Both the line with "using assms inv_alg_mult[OF" and the line with "by (rule inv_alg_ann_subset)" in the records below must appear in the output, along with every line between them, exactly and with nothing added.

[Saved data entries]
----
(* Let $A$ be an associative algebra over a field $\mathbf{k}$ with identity $1$, let $q\in A$ be an idempotent, and let $(A,q):=\{x\in A \mid qxq=qx\}$. For $a\in (A,q)$ let $a_L:(A,q)\to (A,q)$ be left multiplication, $a_L(x):=ax$. Put $W:=(A,q)^{ann}:=\{qx-x\mid x\in (A,q)\}$ and $q_L$ := left multiplication by $q$ on $(A,q)$. Then $q_L$ is a $W$-idempotent of $End((A,q))$, and the map $\phi:(A,q)\to (End((A,q)),q_L)$, $\phi(a)=a_L$, is an injective invariant homomorphism from the invariant algebra $(A,q)$ to the linear invariant algebra $(End((A,q)),q_L)$ over the vector space $(A,q)$ induced by the $W$-idempotent $q_L$.
   Context: All associative algebras have an identity and algebra homomorphisms preserve it. For an associative algebra $A$ with idempotent $q$, the (right) invariant algebra induced by $q$ is $(A,q):=\{x\in A\mid qxq=qx\}$; it is a subalgebra of $A$ containing $1$ and $q$. For a vector space $V$ with subspace $W$, a $W$-idempotent is a linear map $q:V\to V$ with $q(W)=0$ and $q(v)-v\in W$ for all $v\in V$; the linear invariant algebra over $V$ induced by $q$ is $(End(V),q)=\{f\in End(V)\mid qfq=qf\}$ (equivalently, the linear maps $f$ with $f(W)\subseteq W$). For invariant algebras $(A,q_A)$ and $(B,q_B)$, an invariant homomorphism is a linear map $\phi:(A,q_A)\to(B,q_B)$ with $\phi(xy)=\phi(x)\phi(y)$ for all $x,y$, $\phi(1_A)=1_B$ and $\phi(q_A)=q_B$. *)

theory Defs
  imports Main "HOL.Vector_Spaces" "HOL-Library.FuncSet"
begin

definition is_k_algebra :: "('k::field \<Rightarrow> 'a::ring_1 \<Rightarrow> 'a) \<Rightarrow> bool" where
  "is_k_algebra smul \<longleftrightarrow> vector_space smul \<and>
     (\<forall>c x y. smul c (x * y) = smul c x * y \<and> smul c (x * y) = x * smul c y)"

definition inv_alg :: "'a::ring_1 \<Rightarrow> 'a set" where
  "inv_alg q = {x. q * x * q = q * x}"

definition End_sp :: "('k::field \<Rightarrow> 'a::ab_group_add \<Rightarrow> 'a) \<Rightarrow> 'a set \<Rightarrow> ('a \<Rightarrow> 'a) set" where
  "End_sp smul V = {f. f \<in> V \<rightarrow> V \<and> f \<in> extensional V \<and>
     (\<forall>x\<in>V. \<forall>y\<in>V. f (x + y) = f x + f y) \<and>
     (\<forall>c. \<forall>x\<in>V. f (smul c x) = smul c (f x))}"

definition end_add :: "'a set \<Rightarrow> ('a \<Rightarrow> 'a::ab_group_add) \<Rightarrow> ('a \<Rightarrow> 'a) \<Rightarrow> ('a \<Rightarrow> 'a)" where
  "end_add V f g = restrict (\<lambda>v. f v + g v) V"

definition end_smul :: "('k \<Rightarrow> 'a \<Rightarrow> 'a) \<Rightarrow> 'a set \<Rightarrow> 'k \<Rightarrow> ('a \<Rightarrow> 'a) \<Rightarrow> ('a \<Rightarrow> 'a)" where
  "end_smul smul V c f = restrict (\<lambda>v. smul c (f v)) V"

definition end_id :: "'a set \<Rightarrow> ('a \<Rightarrow> 'a)" where
  "end_id V = restrict id V"

definition W_idempotent :: "('k::field \<Rightarrow> 'a::ab_group_add \<Rightarrow> 'a) \<Rightarrow> 'a set \<Rightarrow> 'a set \<Rightarrow> ('a \<Rightarrow> 'a) \<Rightarrow> bool" where
  "W_idempotent smul V W q \<longleftrightarrow> W \<subseteq> V \<and> module.subspace smul W \<and> q \<in> End_sp smul V \<and>
     (\<forall>w\<in>W. q w = 0) \<and> (\<forall>v\<in>V. q v - v \<in> W)"

definition lin_inv_alg :: "('k::field \<Rightarrow> 'a::ab_group_add \<Rightarrow> 'a) \<Rightarrow> 'a set \<Rightarrow> ('a \<Rightarrow> 'a) \<Rightarrow> ('a \<Rightarrow> 'a) set" where
  "lin_inv_alg smul V q = {f \<in> End_sp smul V. compose V q (compose V f q) = compose V q f}"

definition left_mult :: "'a set \<Rightarrow> 'a::ring_1 \<Rightarrow> ('a \<Rightarrow> 'a)" where
  "left_mult S a = restrict (\<lambda>x. a * x) S"

definition inv_hom_to_lin :: "('k::field \<Rightarrow> 'a::ring_1 \<Rightarrow> 'a) \<Rightarrow> 'a \<Rightarrow>
    ('k \<Rightarrow> 'b::ab_group_add \<Rightarrow> 'b) \<Rightarrow> 'b set \<Rightarrow> ('b \<Rightarrow> 'b) \<Rightarrow> ('a \<Rightarrow> ('b \<Rightarrow> 'b)) \<Rightarrow> bool" where
  "inv_hom_to_lin smulA qA smulB V qB \<phi> \<longleftrightarrow>
     (\<forall>x\<in>inv_alg qA. \<phi> x \<in> lin_inv_alg smulB V qB) \<and>
     (\<forall>x\<in>inv_alg qA. \<forall>y\<in>inv_alg qA. \<phi> (x + y) = end_add V (\<phi> x) (\<phi> y)) \<and>
     (\<forall>c. \<forall>x\<in>inv_alg qA. \<phi> (smulA c x) = end_smul smulB V c (\<phi> x)) \<and>
     (\<forall>x\<in>inv_alg qA. \<forall>y\<in>inv_alg qA. \<phi> (x * y) = compose V (\<phi> x) (\<phi> y)) \<and>
     \<phi> 1 = end_id V \<and> \<phi> qA = qB"

end

theory Submission
  imports Defs
begin

text \<open>Left multiplication embeds (A,q) into its own endomorphism algebra exactly as in the
  regular representation of a unital algebra. Writing L a for left multiplication by a on (A,q),
  L a sends the unit to a, so L is injective, and composing left multiplications is left
  multiplication by the product. The invariance L q \<circ> L a \<circ> L q = L q \<circ> L a is then just
  qaq = qa transported along L, and L q kills W = {qx - x} because q is idempotent.\<close>

lemma is_k_algebraD:
  assumes "is_k_algebra smul"
  shows "vector_space smul"
    and smul_mult_left: "smul c (x * y) = smul c x * y"
    and smul_mult_right: "smul c (x * y) = x * smul c y"
  using assms unfolding is_k_algebra_def by blast+

lemma inv_alg_iff: "x \<in> inv_alg q \<longleftrightarrow> q * x * q = q * x"
  by (simp add: inv_alg_def)

lemma zero_in_inv_alg: "0 \<in> inv_alg q"
  by (simp add: inv_alg_iff)

lemma one_in_inv_alg:
  assumes "q * q = q"
  shows "1 \<in> inv_alg q"
  unfolding inv_alg_iff using assms by simp

lemma idempotent_in_inv_alg:
  assumes "q * q = q"
  shows "q \<in> inv_alg q"
  unfolding inv_alg_iff using assms by simp

lemma inv_alg_add: "x \<in> inv_alg q \<Longrightarrow> y \<in> inv_alg q \<Longrightarrow> x + y \<in> inv_alg q"
  by (simp add: inv_alg_iff algebra_simps)

lemma inv_alg_diff: "x \<in> inv_alg q \<Longrightarrow> y \<in> inv_alg q \<Longrightarrow> x - y \<in> inv_alg q"
  by (simp add: inv_alg_iff algebra_simps)

lemma inv_alg_mult:
  assumes "a \<in> inv_alg q" and "x \<in> inv_alg q"
  shows "a * x \<in> inv_alg q"
proof -
  have "q * (a * x) * q = (q * a * q) * (x * q)" using assms(1) by (simp add: inv_alg_iff mult.assoc)
  also have "\<dots> = q * a * (q * x * q)" by (simp only: mult.assoc)
  also have "\<dots> = q * a * (q * x)" using assms(2) by (simp add: inv_alg_iff)
  also have "\<dots> = (q * a * q) * x" by (simp only: mult.assoc)
  also have "\<dots> = q * (a * x)" using assms(1) by (simp add: inv_alg_iff mult.assoc)
  finally show ?thesis by (simp add: inv_alg_iff)
qed

lemma inv_alg_smul:
  assumes "is_k_algebra smul" and "x \<in> inv_alg q"
  shows "smul c x \<in> inv_alg q"
proof -
  note bil = smul_mult_left[OF assms(1)] smul_mult_right[OF assms(1)]
  have "q * smul c x * q = smul c (q * x * q)" by (metis bil mult.assoc)
  also have "\<dots> = q * smul c x" using assms(2) by (metis bil inv_alg_iff)
  finally show ?thesis by (simp add: inv_alg_iff)
qed

lemma idempotent_mult_ann:
  fixes q :: "'a::ring"
  assumes "q * q = q"
  shows "q * (q * x - x) = 0"
  using assms by (simp add: right_diff_distrib flip: mult.assoc)

lemma left_mult_add: "left_mult S (a + b) = end_add S (left_mult S a) (left_mult S b)"
  by (auto simp: left_mult_def end_add_def distrib_right)

lemma left_mult_smul:
  "is_k_algebra smul \<Longrightarrow> left_mult S (smul c a) = end_smul smul S c (left_mult S a)"
  by (auto simp: left_mult_def end_smul_def smul_mult_left)

lemma left_mult_one: "left_mult S 1 = end_id S"
  by (auto simp: left_mult_def end_id_def)

lemma left_mult_mult:
  assumes "\<And>x. x \<in> S \<Longrightarrow> b * x \<in> S"
  shows "left_mult S (a * b) = compose S (left_mult S a) (left_mult S b)"
  using assms by (auto simp: left_mult_def compose_def mult.assoc)

lemma inj_on_left_mult: "1 \<in> S \<Longrightarrow> inj_on (left_mult S) S"
  by (rule inj_onI) (metis left_mult_def mult.right_neutral restrict_apply')

definition inv_alg_ann :: "'a::ring_1 \<Rightarrow> 'a set" where
  "inv_alg_ann q = {q * x - x | x. x \<in> inv_alg q}"

lemma inv_alg_ann_subset: "q * q = q \<Longrightarrow> inv_alg_ann q \<subseteq> inv_alg q"
  by (auto simp: inv_alg_ann_def intro: inv_alg_diff inv_alg_mult idempotent_in_inv_alg)

lemma subspace_inv_alg_ann:
  assumes "is_k_algebra smul"
  shows "module.subspace smul (inv_alg_ann q)"
proof -
  interpret vector_space smul using is_k_algebraD(1)[OF assms] .
  show ?thesis
    unfolding subspace_def
  proof (intro conjI ballI allI)
    show "0 \<in> inv_alg_ann q"
      unfolding inv_alg_ann_def using zero_in_inv_alg[of q] by (auto intro!: exI[of _ 0])
  next
    fix v w assume "v \<in> inv_alg_ann q" "w \<in> inv_alg_ann q"
    then obtain x y where "x \<in> inv_alg q" "y \<in> inv_alg q" "v = q * x - x" "w = q * y - y"
      by (auto simp: inv_alg_ann_def)
    then have "v + w = q * (x + y) - (x + y)" and "x + y \<in> inv_alg q"
      by (simp_all add: algebra_simps inv_alg_add)
    then show "v + w \<in> inv_alg_ann q"
      unfolding inv_alg_ann_def by blast
  next
    fix c w assume "w \<in> inv_alg_ann q"
    then obtain x where "x \<in> inv_alg q" "w = q * x - x"
      by (auto simp: inv_alg_ann_def)
    then have "smul c w = q * smul c x - smul c x" and "smul c x \<in> inv_alg q"
      using assms by (simp_all add: scale_right_diff_distrib smul_mult_right inv_alg_smul)
    then show "smul c w \<in> inv_alg_ann q"
      unfolding inv_alg_ann_def by blast
  qed
qed

lemma left_mult_inv_alg_in_End_sp:
  assumes "is_k_algebra smul" and "a \<in> inv_alg q"
  shows "left_mult (inv_alg q) a \<in> End_sp smul (inv_alg q)"
  using assms inv_alg_mult[OF assms(2)] inv_alg_add[of _ q] inv_alg_smul[OF assms(1), of _ q]
  by (auto simp: End_sp_def left_mult_def distrib_left smul_mult_right)

lemma W_idempotent_left_mult_idempotent:
  assumes "is_k_algebra smul" and "q * q = q"
  shows "W_idempotent smul (inv_alg q) (inv_alg_ann q) (left_mult (inv_alg q) q)"
  unfolding W_idempotent_def
proof (intro conjI ballI)
  show "inv_alg_ann q \<subseteq> inv_alg q" using assms(2) by (rule inv_alg_ann_subset)
  show "module.subspace smul (inv_alg_ann q)" using assms(1) by (rule subspace_inv_alg_ann)
  show "left_mult (inv_alg q) q \<in> End_sp smul (inv_alg q)"
    using assms by (simp add: left_mult_inv_alg_in_End_sp idempotent_in_inv_alg)
next
  fix w assume "w \<in> inv_alg_ann q"
  then show "left_mult (inv_alg q) q w = 0"
    using assms(2) inv_alg_ann_subset[OF assms(2)]
    by (auto simp: inv_alg_ann_def left_mult_def idempotent_mult_ann)
next
  fix v assume "v \<in> inv_alg q"
  then show "left_mult (inv_alg q) q v - v \<in> inv_alg_ann q"
    by (auto simp: left_mult_def inv_alg_ann_def)
qed

lemma left_mult_in_lin_inv_alg:
  assumes "is_k_algebra smul" and "q * q = q" and "a \<in> inv_alg q"
  shows "left_mult (inv_alg q) a \<in> lin_inv_alg smul (inv_alg q) (left_mult (inv_alg q) q)"
proof -
  let ?L = "left_mult (inv_alg q)"
  have qV: "q \<in> inv_alg q" using assms(2) by (rule idempotent_in_inv_alg)
  have "compose (inv_alg q) (?L q) (compose (inv_alg q) (?L a) (?L q)) = ?L (q * a * q)"
    using qV assms(3) by (simp add: inv_alg_mult left_mult_mult[symmetric] mult.assoc)
  also have "\<dots> = ?L (q * a)" using assms(3) by (simp add: inv_alg_iff)
  also have "\<dots> = compose (inv_alg q) (?L q) (?L a)"
    using assms(3) by (simp add: left_mult_mult inv_alg_mult)
  finally show ?thesis
    unfolding lin_inv_alg_def using left_mult_inv_alg_in_End_sp[OF assms(1,3)] by blast
qed

lemma inv_hom_left_mult:
  assumes "is_k_algebra smul" and "q * q = q"
  shows "inv_hom_to_lin smul q smul (inv_alg q) (left_mult (inv_alg q) q) (left_mult (inv_alg q))"
  unfolding inv_hom_to_lin_def
  using assms left_mult_in_lin_inv_alg[OF assms]
  by (simp add: left_mult_add left_mult_smul left_mult_one left_mult_mult inv_alg_mult)

theorem proposition1p1:
  fixes smul :: "'k::field \<Rightarrow> 'a::ring_1 \<Rightarrow> 'a" and q :: 'a
  assumes "is_k_algebra smul"
    and "q * q = q"
  defines "W \<equiv> {q * x - x | x. x \<in> inv_alg q}"
  shows "W_idempotent smul (inv_alg q) W (left_mult (inv_alg q) q)
    \<and> inv_hom_to_lin smul q smul (inv_alg q) (left_mult (inv_alg q) q) (left_mult (inv_alg q))
    \<and> inj_on (left_mult (inv_alg q)) (inv_alg q)"
  using W_idempotent_left_mult_idempotent[OF assms(1,2)] inv_hom_left_mult[OF assms(1,2)]
    inj_on_left_mult[OF one_in_inv_alg[OF assms(2)]]
  unfolding W_def inv_alg_ann_def by blast

end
----
▶ [Output for this task]:
  using assms inv_alg_mult[OF assms(2)] inv_alg_add[of _ q] inv_alg_smul[OF assms(1), of _ q]
  by (auto simp: End_sp_def left_mult_def distrib_left smul_mult_right)

lemma W_idempotent_left_mult_idempotent:
  assumes "is_k_algebra smul" and "q * q = q"
  shows "W_idempotent smul (inv_alg q) (inv_alg_ann q) (left_mult (inv_alg q) q)"
  unfolding W_idempotent_def
proof (intro conjI ballI)
  show "inv_alg_ann q \<subseteq> inv_alg q" using assms(2) by (rule inv_alg_ann_subset)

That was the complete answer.